YOUR ASSIGNMENT>
The answer is to contain only the line containing "1) - At2 (i" and the lines after it through the last one, each reproduced exactly as it appears below.

Dataset entries:
'''
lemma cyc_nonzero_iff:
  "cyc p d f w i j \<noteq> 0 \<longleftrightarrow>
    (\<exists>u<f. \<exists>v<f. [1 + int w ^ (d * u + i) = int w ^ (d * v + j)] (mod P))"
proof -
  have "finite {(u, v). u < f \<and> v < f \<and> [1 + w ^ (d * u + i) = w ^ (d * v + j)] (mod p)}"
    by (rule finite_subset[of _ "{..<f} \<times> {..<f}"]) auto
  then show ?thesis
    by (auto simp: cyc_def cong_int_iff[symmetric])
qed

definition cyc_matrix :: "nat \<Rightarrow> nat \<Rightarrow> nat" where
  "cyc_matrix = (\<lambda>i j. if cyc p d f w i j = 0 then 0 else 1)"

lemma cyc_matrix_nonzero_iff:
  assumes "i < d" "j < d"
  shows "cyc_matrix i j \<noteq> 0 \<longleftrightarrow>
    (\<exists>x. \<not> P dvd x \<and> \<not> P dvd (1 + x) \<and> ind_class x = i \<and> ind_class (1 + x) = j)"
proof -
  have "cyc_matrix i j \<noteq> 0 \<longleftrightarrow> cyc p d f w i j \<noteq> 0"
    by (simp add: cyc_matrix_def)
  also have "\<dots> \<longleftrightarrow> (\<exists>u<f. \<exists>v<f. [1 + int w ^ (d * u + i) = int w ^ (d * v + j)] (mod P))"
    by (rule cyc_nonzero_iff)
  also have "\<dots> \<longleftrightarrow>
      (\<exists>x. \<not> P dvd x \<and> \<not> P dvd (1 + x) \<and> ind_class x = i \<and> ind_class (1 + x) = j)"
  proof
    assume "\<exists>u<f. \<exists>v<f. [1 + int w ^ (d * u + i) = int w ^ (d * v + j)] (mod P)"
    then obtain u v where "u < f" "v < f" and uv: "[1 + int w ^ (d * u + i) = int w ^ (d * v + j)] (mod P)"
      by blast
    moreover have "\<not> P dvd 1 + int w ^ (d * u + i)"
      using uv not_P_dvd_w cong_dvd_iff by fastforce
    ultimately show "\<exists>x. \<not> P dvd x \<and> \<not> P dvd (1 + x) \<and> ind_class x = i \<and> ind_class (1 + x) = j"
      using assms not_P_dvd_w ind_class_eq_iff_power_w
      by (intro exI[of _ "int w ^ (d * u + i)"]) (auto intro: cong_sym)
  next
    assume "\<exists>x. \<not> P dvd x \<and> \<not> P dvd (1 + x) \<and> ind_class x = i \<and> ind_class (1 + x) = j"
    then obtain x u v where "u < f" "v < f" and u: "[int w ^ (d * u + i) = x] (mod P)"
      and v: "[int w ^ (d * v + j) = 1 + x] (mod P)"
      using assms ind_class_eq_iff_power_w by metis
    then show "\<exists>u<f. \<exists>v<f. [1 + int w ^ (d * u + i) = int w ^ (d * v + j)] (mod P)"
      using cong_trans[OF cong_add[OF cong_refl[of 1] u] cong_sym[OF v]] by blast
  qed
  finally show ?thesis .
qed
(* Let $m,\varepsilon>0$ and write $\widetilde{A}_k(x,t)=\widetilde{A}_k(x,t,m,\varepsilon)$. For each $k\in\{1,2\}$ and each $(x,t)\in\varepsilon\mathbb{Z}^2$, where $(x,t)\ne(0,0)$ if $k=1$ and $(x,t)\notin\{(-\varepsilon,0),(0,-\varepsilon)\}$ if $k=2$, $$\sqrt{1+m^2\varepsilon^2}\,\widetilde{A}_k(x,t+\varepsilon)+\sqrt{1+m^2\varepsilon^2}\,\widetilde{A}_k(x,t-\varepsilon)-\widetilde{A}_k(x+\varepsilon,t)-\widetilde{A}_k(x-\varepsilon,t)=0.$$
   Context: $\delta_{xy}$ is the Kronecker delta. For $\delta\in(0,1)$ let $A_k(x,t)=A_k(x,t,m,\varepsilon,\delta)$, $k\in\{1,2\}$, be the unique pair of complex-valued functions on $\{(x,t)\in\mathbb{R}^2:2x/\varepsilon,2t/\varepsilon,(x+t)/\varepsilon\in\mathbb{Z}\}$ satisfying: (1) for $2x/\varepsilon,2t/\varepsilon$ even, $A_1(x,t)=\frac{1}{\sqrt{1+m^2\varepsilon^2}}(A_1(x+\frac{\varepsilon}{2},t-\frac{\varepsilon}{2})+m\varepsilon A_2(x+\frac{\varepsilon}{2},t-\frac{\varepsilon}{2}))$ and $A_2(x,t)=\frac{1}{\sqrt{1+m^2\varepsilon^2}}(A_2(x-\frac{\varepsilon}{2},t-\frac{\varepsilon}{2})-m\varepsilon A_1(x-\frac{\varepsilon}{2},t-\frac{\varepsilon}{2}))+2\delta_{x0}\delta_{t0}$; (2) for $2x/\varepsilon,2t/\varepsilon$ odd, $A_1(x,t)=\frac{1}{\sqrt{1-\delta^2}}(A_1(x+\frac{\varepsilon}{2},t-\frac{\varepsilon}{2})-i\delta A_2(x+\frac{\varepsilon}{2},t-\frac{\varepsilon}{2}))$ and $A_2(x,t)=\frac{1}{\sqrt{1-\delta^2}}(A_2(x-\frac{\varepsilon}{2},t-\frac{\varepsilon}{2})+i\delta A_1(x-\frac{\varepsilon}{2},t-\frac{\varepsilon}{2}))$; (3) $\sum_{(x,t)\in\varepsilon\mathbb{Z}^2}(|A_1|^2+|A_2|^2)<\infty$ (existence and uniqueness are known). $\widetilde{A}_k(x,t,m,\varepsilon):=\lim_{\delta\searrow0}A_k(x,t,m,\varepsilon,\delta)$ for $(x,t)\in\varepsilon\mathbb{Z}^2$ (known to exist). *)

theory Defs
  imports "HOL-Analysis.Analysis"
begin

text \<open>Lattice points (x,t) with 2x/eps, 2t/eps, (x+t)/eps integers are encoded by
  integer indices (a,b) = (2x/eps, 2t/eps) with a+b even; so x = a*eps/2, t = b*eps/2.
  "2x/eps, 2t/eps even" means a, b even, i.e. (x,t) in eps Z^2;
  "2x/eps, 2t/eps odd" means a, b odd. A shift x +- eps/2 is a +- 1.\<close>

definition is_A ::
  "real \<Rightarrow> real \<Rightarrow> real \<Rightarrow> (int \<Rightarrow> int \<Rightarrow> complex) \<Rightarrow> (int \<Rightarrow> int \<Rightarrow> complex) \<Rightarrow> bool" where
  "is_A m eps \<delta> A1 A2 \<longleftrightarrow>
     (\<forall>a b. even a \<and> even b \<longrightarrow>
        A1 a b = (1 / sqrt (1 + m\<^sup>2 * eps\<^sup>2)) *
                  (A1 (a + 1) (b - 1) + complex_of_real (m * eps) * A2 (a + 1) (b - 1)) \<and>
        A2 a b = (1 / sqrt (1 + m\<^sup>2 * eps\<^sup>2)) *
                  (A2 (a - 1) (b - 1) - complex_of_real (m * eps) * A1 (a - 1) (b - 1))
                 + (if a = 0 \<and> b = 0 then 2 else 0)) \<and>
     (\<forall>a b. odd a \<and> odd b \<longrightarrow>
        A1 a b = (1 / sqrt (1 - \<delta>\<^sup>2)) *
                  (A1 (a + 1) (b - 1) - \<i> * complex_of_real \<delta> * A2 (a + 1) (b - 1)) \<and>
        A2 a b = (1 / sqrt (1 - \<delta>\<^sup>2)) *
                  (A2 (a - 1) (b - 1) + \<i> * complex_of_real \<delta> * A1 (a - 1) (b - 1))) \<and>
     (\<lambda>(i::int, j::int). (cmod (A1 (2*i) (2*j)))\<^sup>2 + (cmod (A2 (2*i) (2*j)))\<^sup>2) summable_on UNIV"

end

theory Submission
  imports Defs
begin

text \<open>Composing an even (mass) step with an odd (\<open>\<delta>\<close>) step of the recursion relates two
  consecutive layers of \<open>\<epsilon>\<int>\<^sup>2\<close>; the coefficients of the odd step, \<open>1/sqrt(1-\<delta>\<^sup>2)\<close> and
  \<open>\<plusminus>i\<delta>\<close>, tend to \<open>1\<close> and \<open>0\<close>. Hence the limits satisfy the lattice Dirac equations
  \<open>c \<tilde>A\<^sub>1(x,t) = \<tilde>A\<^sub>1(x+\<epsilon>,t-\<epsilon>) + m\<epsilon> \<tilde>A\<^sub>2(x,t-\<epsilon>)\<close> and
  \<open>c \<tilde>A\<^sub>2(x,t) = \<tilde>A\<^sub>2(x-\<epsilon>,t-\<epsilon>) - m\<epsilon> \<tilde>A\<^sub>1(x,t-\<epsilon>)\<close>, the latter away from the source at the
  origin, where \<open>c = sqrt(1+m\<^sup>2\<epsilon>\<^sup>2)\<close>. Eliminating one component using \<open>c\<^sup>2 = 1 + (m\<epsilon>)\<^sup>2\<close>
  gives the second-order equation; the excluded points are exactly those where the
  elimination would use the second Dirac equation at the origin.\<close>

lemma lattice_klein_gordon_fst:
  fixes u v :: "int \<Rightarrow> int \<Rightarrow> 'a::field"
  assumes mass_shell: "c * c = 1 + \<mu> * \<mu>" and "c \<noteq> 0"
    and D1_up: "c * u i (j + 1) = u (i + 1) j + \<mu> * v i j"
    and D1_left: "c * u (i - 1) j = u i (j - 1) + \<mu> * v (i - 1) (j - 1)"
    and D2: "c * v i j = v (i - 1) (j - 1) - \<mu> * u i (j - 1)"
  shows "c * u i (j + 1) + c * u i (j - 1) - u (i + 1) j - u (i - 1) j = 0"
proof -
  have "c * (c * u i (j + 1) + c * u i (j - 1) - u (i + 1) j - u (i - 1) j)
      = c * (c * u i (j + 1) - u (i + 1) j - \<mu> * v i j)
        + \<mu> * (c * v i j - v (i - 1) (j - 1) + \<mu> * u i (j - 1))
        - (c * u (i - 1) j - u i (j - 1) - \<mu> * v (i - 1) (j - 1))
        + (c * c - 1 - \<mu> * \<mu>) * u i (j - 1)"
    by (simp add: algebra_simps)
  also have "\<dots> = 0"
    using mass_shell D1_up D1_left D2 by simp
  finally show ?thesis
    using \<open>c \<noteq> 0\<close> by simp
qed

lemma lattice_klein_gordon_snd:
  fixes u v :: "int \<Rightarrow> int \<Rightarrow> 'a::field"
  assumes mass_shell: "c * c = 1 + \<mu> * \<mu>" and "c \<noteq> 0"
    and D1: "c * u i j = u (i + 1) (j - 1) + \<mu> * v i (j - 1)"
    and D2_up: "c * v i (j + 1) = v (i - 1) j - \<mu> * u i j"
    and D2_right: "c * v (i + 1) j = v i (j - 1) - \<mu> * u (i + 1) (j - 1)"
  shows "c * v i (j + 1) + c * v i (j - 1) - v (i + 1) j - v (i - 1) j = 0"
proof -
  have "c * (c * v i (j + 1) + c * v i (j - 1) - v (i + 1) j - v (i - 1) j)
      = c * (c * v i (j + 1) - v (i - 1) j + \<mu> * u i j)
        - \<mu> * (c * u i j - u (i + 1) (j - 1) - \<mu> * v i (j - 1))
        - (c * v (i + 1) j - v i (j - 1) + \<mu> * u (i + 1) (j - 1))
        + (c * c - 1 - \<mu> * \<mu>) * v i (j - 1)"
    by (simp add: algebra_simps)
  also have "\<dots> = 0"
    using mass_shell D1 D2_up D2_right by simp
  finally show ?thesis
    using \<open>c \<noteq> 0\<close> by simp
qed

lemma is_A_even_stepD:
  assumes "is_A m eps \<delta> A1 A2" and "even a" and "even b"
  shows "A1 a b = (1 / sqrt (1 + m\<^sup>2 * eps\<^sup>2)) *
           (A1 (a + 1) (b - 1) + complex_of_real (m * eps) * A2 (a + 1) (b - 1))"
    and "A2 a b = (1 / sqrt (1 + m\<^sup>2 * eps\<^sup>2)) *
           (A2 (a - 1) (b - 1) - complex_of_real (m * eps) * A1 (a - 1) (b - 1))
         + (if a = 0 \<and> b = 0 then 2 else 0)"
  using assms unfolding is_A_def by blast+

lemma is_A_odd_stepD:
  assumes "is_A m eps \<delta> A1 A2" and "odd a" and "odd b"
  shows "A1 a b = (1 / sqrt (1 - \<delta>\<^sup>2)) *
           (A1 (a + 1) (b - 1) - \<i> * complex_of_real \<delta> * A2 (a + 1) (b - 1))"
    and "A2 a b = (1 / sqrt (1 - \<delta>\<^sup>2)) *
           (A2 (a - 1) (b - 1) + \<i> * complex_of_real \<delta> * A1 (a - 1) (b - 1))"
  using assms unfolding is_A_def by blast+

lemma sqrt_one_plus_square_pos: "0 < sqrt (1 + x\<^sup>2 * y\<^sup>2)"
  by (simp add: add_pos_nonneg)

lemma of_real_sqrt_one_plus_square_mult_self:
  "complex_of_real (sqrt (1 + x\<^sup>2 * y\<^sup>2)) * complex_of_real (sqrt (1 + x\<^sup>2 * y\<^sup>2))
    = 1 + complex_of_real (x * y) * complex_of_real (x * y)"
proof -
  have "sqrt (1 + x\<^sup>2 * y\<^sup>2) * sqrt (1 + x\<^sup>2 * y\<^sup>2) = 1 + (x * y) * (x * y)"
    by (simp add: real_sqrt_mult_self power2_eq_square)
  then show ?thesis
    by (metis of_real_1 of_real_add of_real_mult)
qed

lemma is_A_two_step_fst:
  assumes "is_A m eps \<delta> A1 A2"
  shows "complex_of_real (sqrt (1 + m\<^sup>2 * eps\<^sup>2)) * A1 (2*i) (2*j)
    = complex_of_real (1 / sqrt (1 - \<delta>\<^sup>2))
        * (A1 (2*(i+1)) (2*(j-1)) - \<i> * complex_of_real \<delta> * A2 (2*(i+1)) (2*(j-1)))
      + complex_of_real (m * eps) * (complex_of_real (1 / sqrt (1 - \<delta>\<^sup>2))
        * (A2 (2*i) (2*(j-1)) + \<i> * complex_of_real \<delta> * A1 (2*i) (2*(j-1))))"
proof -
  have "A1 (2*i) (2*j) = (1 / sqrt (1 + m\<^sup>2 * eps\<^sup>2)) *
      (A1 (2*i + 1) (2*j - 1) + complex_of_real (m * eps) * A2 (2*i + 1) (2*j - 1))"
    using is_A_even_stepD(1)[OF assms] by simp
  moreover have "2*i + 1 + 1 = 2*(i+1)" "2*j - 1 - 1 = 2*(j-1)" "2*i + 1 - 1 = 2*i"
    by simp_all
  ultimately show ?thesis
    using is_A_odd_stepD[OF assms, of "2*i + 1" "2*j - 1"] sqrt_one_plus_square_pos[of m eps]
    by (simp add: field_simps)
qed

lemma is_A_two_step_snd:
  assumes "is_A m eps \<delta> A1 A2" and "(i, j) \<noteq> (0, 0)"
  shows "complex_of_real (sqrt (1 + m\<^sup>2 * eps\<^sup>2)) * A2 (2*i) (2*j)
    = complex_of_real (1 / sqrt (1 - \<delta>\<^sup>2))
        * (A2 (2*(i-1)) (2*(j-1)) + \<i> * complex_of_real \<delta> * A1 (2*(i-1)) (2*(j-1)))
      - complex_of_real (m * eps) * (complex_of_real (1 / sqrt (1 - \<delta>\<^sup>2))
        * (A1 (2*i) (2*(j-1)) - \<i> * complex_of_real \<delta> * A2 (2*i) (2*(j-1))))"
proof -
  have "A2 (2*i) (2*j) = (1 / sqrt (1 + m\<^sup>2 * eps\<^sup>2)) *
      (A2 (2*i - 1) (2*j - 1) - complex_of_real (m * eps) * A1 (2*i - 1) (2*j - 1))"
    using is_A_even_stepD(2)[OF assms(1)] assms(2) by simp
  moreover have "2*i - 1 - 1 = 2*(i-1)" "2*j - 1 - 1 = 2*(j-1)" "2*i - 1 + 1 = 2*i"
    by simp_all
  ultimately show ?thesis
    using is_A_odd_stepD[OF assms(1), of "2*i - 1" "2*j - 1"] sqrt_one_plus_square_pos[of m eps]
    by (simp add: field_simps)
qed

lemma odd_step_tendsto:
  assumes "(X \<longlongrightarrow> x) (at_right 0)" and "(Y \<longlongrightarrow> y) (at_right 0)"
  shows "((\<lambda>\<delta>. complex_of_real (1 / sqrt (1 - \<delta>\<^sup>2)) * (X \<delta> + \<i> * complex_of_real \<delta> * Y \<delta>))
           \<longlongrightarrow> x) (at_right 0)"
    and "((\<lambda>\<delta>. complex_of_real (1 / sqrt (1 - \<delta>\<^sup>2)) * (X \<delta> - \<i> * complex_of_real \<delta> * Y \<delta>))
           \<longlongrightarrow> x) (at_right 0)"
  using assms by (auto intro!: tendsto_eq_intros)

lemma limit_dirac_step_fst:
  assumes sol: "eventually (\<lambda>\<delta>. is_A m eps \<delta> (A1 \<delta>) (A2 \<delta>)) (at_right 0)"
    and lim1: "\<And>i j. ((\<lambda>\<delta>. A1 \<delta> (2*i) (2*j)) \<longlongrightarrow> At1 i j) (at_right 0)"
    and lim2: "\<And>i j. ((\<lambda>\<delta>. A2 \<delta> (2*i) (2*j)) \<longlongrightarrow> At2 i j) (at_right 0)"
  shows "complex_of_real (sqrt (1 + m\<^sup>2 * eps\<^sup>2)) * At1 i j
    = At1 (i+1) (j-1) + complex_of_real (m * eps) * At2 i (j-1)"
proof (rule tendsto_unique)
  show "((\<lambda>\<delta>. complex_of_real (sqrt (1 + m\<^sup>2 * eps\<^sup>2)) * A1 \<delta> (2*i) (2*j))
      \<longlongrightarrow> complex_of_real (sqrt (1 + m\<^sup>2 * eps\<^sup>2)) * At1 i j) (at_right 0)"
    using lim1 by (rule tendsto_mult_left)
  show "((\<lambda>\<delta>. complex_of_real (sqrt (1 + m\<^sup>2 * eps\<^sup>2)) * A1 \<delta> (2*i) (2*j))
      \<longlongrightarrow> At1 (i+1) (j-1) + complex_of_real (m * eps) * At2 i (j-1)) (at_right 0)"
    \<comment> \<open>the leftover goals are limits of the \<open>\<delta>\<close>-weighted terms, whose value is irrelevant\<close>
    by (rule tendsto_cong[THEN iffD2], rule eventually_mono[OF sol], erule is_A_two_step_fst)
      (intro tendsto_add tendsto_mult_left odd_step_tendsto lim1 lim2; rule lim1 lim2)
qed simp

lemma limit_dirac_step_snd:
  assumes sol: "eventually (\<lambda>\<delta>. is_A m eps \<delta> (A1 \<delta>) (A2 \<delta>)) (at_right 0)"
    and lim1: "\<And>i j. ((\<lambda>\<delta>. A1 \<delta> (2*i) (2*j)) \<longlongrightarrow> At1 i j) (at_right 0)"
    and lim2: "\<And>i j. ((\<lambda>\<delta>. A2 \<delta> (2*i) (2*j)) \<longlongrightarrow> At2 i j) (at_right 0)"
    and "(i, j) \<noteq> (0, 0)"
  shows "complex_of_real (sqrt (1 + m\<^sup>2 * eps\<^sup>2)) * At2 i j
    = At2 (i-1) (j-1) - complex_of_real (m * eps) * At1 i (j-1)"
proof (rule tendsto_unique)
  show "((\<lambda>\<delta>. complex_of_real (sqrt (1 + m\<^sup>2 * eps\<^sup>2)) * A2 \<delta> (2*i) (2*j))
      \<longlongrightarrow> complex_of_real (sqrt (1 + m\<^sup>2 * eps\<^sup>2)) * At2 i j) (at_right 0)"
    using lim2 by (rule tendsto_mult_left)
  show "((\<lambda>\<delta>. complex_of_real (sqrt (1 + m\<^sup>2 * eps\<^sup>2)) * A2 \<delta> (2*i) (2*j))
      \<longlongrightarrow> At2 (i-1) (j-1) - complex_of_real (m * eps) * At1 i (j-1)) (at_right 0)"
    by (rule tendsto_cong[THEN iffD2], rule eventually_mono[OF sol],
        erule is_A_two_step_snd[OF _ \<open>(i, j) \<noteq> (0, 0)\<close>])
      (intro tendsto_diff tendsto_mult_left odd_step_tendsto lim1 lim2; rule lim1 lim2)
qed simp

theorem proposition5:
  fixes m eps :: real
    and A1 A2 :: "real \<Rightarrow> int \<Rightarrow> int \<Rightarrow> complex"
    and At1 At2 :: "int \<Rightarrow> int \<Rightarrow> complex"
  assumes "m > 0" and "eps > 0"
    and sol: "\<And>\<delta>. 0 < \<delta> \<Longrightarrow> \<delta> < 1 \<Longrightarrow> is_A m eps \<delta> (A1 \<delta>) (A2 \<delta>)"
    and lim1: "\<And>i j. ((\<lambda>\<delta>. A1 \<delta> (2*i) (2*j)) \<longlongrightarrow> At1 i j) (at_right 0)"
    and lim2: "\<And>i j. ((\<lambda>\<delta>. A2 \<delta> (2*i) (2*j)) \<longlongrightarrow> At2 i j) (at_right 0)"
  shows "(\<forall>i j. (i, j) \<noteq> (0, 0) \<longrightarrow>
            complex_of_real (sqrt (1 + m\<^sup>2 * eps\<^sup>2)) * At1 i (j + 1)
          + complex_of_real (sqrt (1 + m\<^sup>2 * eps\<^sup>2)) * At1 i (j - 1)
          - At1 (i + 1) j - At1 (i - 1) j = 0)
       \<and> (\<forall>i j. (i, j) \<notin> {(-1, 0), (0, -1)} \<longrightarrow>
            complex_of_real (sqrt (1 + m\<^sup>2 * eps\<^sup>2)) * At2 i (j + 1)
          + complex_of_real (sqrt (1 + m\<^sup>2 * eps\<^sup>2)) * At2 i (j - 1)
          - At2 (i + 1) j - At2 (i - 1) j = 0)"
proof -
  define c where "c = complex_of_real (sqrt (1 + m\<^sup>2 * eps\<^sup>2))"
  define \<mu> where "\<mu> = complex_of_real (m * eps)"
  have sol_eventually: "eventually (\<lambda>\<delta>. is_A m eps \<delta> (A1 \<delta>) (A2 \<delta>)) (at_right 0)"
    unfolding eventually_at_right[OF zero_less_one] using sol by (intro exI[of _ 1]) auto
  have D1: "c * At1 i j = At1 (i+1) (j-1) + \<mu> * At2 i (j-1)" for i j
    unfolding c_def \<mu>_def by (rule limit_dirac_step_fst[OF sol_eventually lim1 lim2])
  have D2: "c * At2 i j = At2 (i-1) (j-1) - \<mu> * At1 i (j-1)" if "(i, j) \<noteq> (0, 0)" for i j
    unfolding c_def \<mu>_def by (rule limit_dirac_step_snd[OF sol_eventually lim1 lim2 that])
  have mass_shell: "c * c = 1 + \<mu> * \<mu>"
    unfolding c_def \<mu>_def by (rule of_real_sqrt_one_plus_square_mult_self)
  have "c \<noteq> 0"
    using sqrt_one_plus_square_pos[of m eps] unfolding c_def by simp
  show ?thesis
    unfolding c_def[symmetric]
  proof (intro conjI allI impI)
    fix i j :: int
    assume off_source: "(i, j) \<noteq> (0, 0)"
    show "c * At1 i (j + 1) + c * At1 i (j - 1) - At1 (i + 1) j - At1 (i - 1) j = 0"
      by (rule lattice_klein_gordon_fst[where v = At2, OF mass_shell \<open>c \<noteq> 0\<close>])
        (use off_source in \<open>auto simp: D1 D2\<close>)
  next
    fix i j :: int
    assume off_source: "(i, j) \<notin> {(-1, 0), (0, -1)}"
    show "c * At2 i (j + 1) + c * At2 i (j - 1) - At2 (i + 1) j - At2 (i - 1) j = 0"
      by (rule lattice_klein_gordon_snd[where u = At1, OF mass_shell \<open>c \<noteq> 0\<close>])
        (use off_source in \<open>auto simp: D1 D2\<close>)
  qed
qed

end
'''
TASK SOLUTION>
    show "c * At2 i (j + 1) + c * At2 i (j - 1) - At2 (i + 1) j - At2 (i - 1) j = 0"
      by (rule lattice_klein_gordon_snd[where u = At1, OF mass_shell \<open>c \<noteq> 0\<close>])
        (use off_source in \<open>auto simp: D1 D2\<close>)
  qed
qed

end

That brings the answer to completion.